Firms set up emissions exchange; President Bush pushes voluntary cuts
Leading u.s. and international companies and the city of Chicago are setting up a program called the Chicago Climate Exchange (CCX) to reduce and trade greenhouse gas emissions. The companies have made a commitment to cut their greenhouse gas emissions 4% below the 19982001 baseline by 2006.
|Photo by Harry Walker
The 13 company members include American Electric Power (AEP), Baxter International, DuPont, Ford Motor Co., Motorola, and Manitoba Hydro.
"These companies have demonstrated tremendous leadership. They really believe that a proactive approach to climate change advances everyone's long-term interests," CCX Chairman Richard L. Sandor says.

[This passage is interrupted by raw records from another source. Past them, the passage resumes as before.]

(* Let $(G,\sigma,p)$ be a $d$-dimensional tensegrity. An edge weight $\omega:E(G)\to\mathbb{R}$ is an optimal solution of the problem (D): minimize $\sum_{ij\in E(G)}\omega_{ij}\|p_i-p_j\|^2$ subject to $\sum_{ij\in E(G)}\omega_{ij}F_{ij}\succeq0$ and $\sigma(ij)\omega_{ij}\geq0$ for all $ij\in E(G)$, if and only if $\omega$ is a proper equilibrium stress of $(G,\sigma,p)$.
   Context: A $d$-dimensional tensegrity is a triple $(G,\sigma,p)$ with $G=(V,E)$ a finite simple graph, $\sigma:E\to\{-1,0,+1\}$, $p:V\to\mathbb{R}^d$. $F_{ij}=(\mathbf{e}_i-\mathbf{e}_j)(\mathbf{e}_i-\mathbf{e}_j)^\top$. An edge weight $\omega$ is an equilibrium stress if $\sum_{j\in N_G(i)}\omega_{ij}(p_i-p_j)=\mathbf{0}$ for every vertex $i$ ($N_G(i)$ the neighbours of $i$), and proper if $\sigma(ij)\omega_{ij}\geq0$ for all edges $ij$.
   Formalization: $\omega$ is optimal for (D) if and only if it is a proper equilibrium stress that also satisfies $\sum_{ij\in E(G)}\omega_{ij}F_{ij}\succeq0$. The statement above fails without it. *)

theory Defs
  imports "HOL-Analysis.Analysis"
begin

definition simple_graph :: "'v set \<Rightarrow> 'v set set \<Rightarrow> bool" where
  "simple_graph V E \<longleftrightarrow> finite V \<and> E \<subseteq> {{i, j} | i j. i \<in> V \<and> j \<in> V \<and> i \<noteq> j}"

text \<open>A d-dimensional tensegrity (G, sigma, p); the dimension d is the index type 'd of p.\<close>
definition tensegrity :: "'v set \<Rightarrow> 'v set set \<Rightarrow> ('v set \<Rightarrow> real) \<Rightarrow> ('v \<Rightarrow> real ^ 'd) \<Rightarrow> bool" where
  "tensegrity V E \<sigma> p \<longleftrightarrow> simple_graph V E \<and> (\<forall>e\<in>E. \<sigma> e \<in> {-1, 0, 1})"

definition ends :: "'v set \<Rightarrow> 'v \<times> 'v" where
  "ends e = (SOME (i, j). e = {i, j})"

text \<open>F_ij = (e_i - e_j)(e_i - e_j)^T as a V x V matrix (function of two vertices).\<close>
definition F :: "'v \<Rightarrow> 'v \<Rightarrow> 'v \<Rightarrow> 'v \<Rightarrow> real" where
  "F i j a b = ((if a = i then 1 else 0) - (if a = j then 1 else 0)) *
               ((if b = i then 1 else 0) - (if b = j then 1 else 0))"

definition F_edge :: "'v set \<Rightarrow> 'v \<Rightarrow> 'v \<Rightarrow> real" where
  "F_edge e = F (fst (ends e)) (snd (ends e))"

definition stress_matrix :: "'v set set \<Rightarrow> ('v set \<Rightarrow> real) \<Rightarrow> 'v \<Rightarrow> 'v \<Rightarrow> real" where
  "stress_matrix E \<omega> a b = (\<Sum>e\<in>E. \<omega> e * F_edge e a b)"

definition psd :: "'v set \<Rightarrow> ('v \<Rightarrow> 'v \<Rightarrow> real) \<Rightarrow> bool" where
  "psd V M \<longleftrightarrow> (\<forall>x :: 'v \<Rightarrow> real. 0 \<le> (\<Sum>a\<in>V. \<Sum>b\<in>V. x a * M a b * x b))"

definition objective_D :: "'v set set \<Rightarrow> ('v \<Rightarrow> real ^ 'd) \<Rightarrow> ('v set \<Rightarrow> real) \<Rightarrow> real" where
  "objective_D E p \<omega> = (\<Sum>e\<in>E. \<omega> e * (norm (p (fst (ends e)) - p (snd (ends e))))\<^sup>2)"

definition proper :: "'v set set \<Rightarrow> ('v set \<Rightarrow> real) \<Rightarrow> ('v set \<Rightarrow> real) \<Rightarrow> bool" where
  "proper E \<sigma> \<omega> \<longleftrightarrow> (\<forall>e\<in>E. \<sigma> e * \<omega> e \<ge> 0)"

definition feasible_D :: "'v set \<Rightarrow> 'v set set \<Rightarrow> ('v set \<Rightarrow> real) \<Rightarrow> ('v set \<Rightarrow> real) \<Rightarrow> bool" where
  "feasible_D V E \<sigma> \<omega> \<longleftrightarrow> psd V (stress_matrix E \<omega>) \<and> proper E \<sigma> \<omega>"

definition optimal_D :: "'v set \<Rightarrow> 'v set set \<Rightarrow> ('v set \<Rightarrow> real) \<Rightarrow> ('v \<Rightarrow> real ^ 'd) \<Rightarrow> ('v set \<Rightarrow> real) \<Rightarrow> bool" where
  "optimal_D V E \<sigma> p \<omega> \<longleftrightarrow> feasible_D V E \<sigma> \<omega> \<and>
     (\<forall>\<omega>'. feasible_D V E \<sigma> \<omega>' \<longrightarrow> objective_D E p \<omega> \<le> objective_D E p \<omega>')"

definition nbrs :: "'v set \<Rightarrow> 'v set set \<Rightarrow> 'v \<Rightarrow> 'v set" where
  "nbrs V E i = {j \<in> V. {i, j} \<in> E}"

definition equilibrium_stress :: "'v set \<Rightarrow> 'v set set \<Rightarrow> ('v \<Rightarrow> real ^ 'd) \<Rightarrow> ('v set \<Rightarrow> real) \<Rightarrow> bool" where
  "equilibrium_stress V E p \<omega> \<longleftrightarrow>
     (\<forall>i\<in>V. (\<Sum>j\<in>nbrs V E i. \<omega> {i, j} *\<^sub>R (p i - p j)) = 0)"

end

theory Submission
  imports Defs
begin

text \<open>
  With \<open>\<Omega> = \<Sum> \<omega>\<^sub>i\<^sub>j F\<^sub>i\<^sub>j\<close> and \<open>x\<^sub>k\<close> the \<open>k\<close>-th coordinate vector of \<open>p\<close>, the objective of (D) is
  \<open>\<Sum>\<^sub>k x\<^sub>k\<^sup>T \<Omega> x\<^sub>k\<close>. It is therefore nonnegative on the feasible set and vanishes at the feasible
  weight \<open>\<omega> = 0\<close>, so \<open>\<omega>\<close> is optimal iff it is feasible with objective \<open>0\<close>. For a symmetric positive
  semidefinite \<open>\<Omega>\<close>, \<open>x\<^sup>T \<Omega> x = 0\<close> forces \<open>\<Omega> x = 0\<close> (perturb \<open>x\<close> by \<open>t e\<^sub>i\<close>: the form stays
  nonnegative, so its term linear in \<open>t\<close>, which is \<open>2t (\<Omega> x)\<^sub>i\<close>, must vanish), and the \<open>i\<close>-th
  row of \<open>\<Omega> x\<^sub>k = 0\<close> is the \<open>k\<close>-th coordinate of the equilibrium condition at vertex \<open>i\<close>.
\<close>

definition bilin_form :: "'v set \<Rightarrow> ('v \<Rightarrow> 'v \<Rightarrow> real) \<Rightarrow> ('v \<Rightarrow> real) \<Rightarrow> ('v \<Rightarrow> real) \<Rightarrow> real" where
  "bilin_form V M x y = (\<Sum>a\<in>V. \<Sum>b\<in>V. x a * M a b * y b)"

definition mat_vec :: "'v set \<Rightarrow> ('v \<Rightarrow> 'v \<Rightarrow> real) \<Rightarrow> ('v \<Rightarrow> real) \<Rightarrow> 'v \<Rightarrow> real" where
  "mat_vec V M y a = (\<Sum>b\<in>V. M a b * y b)"

lemma psd_iff_bilin_form: "psd V M \<longleftrightarrow> (\<forall>x. 0 \<le> bilin_form V M x x)"
  by (simp add: psd_def bilin_form_def)

lemma bilin_form_eq_sum_mat_vec: "bilin_form V M x y = (\<Sum>a\<in>V. x a * mat_vec V M y a)"
  by (simp add: bilin_form_def mat_vec_def sum_distrib_left mult.assoc)

lemma bilin_form_indicator_left:
  assumes "finite V" "i \<in> V"
  shows "bilin_form V M (\<lambda>a. of_bool (a = i)) y = mat_vec V M y i"
proof -
  have "(\<lambda>a. of_bool (a = i) * mat_vec V M y a) = (\<lambda>a. if a = i then mat_vec V M y a else 0)"
    by auto
  then show ?thesis using assms by (simp add: bilin_form_eq_sum_mat_vec)
qed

CCX will enable its members to buy and sell emissions credits in order to find the most cost-effective way of achieving reductions. Trading will begin in the spring of 2003. "Through CCX, we hope to demonstrate the viability of a multisector greenhouse gas trading program," says Dale E. Heydlauff, AEP's senior vice president of governmental and environmental affairs. AEP itself says it is the biggest emitter of greenhouse gases in the Western Hemisphere.
On a related front, White House officials are touring the country asking industries from all sectors to promise to reduce their greenhouse gas emissions to help reach the Administration's goal of an 18% reduction in the amount of greenhouse gases emitted per unit of gross domestic product from 2002 to 2012. Industry achieved roughly the same reduction in greenhouse gas intensity from 1990 to 2000, but at the same time total emissions rose by about 12%.
The White House plans to make the pledges public on Feb. 6 in answer to critics of President George W. Bush's rejection of the Kyoto protocol.
But, says Eileen Claussen, president of the Pew Center on Global Climate Change, "while we applaud the voluntary efforts of all those in the business community ... until our government is willing to embrace an equitable, mandatory system [for emissions reductions], we have no hope of solving this problem."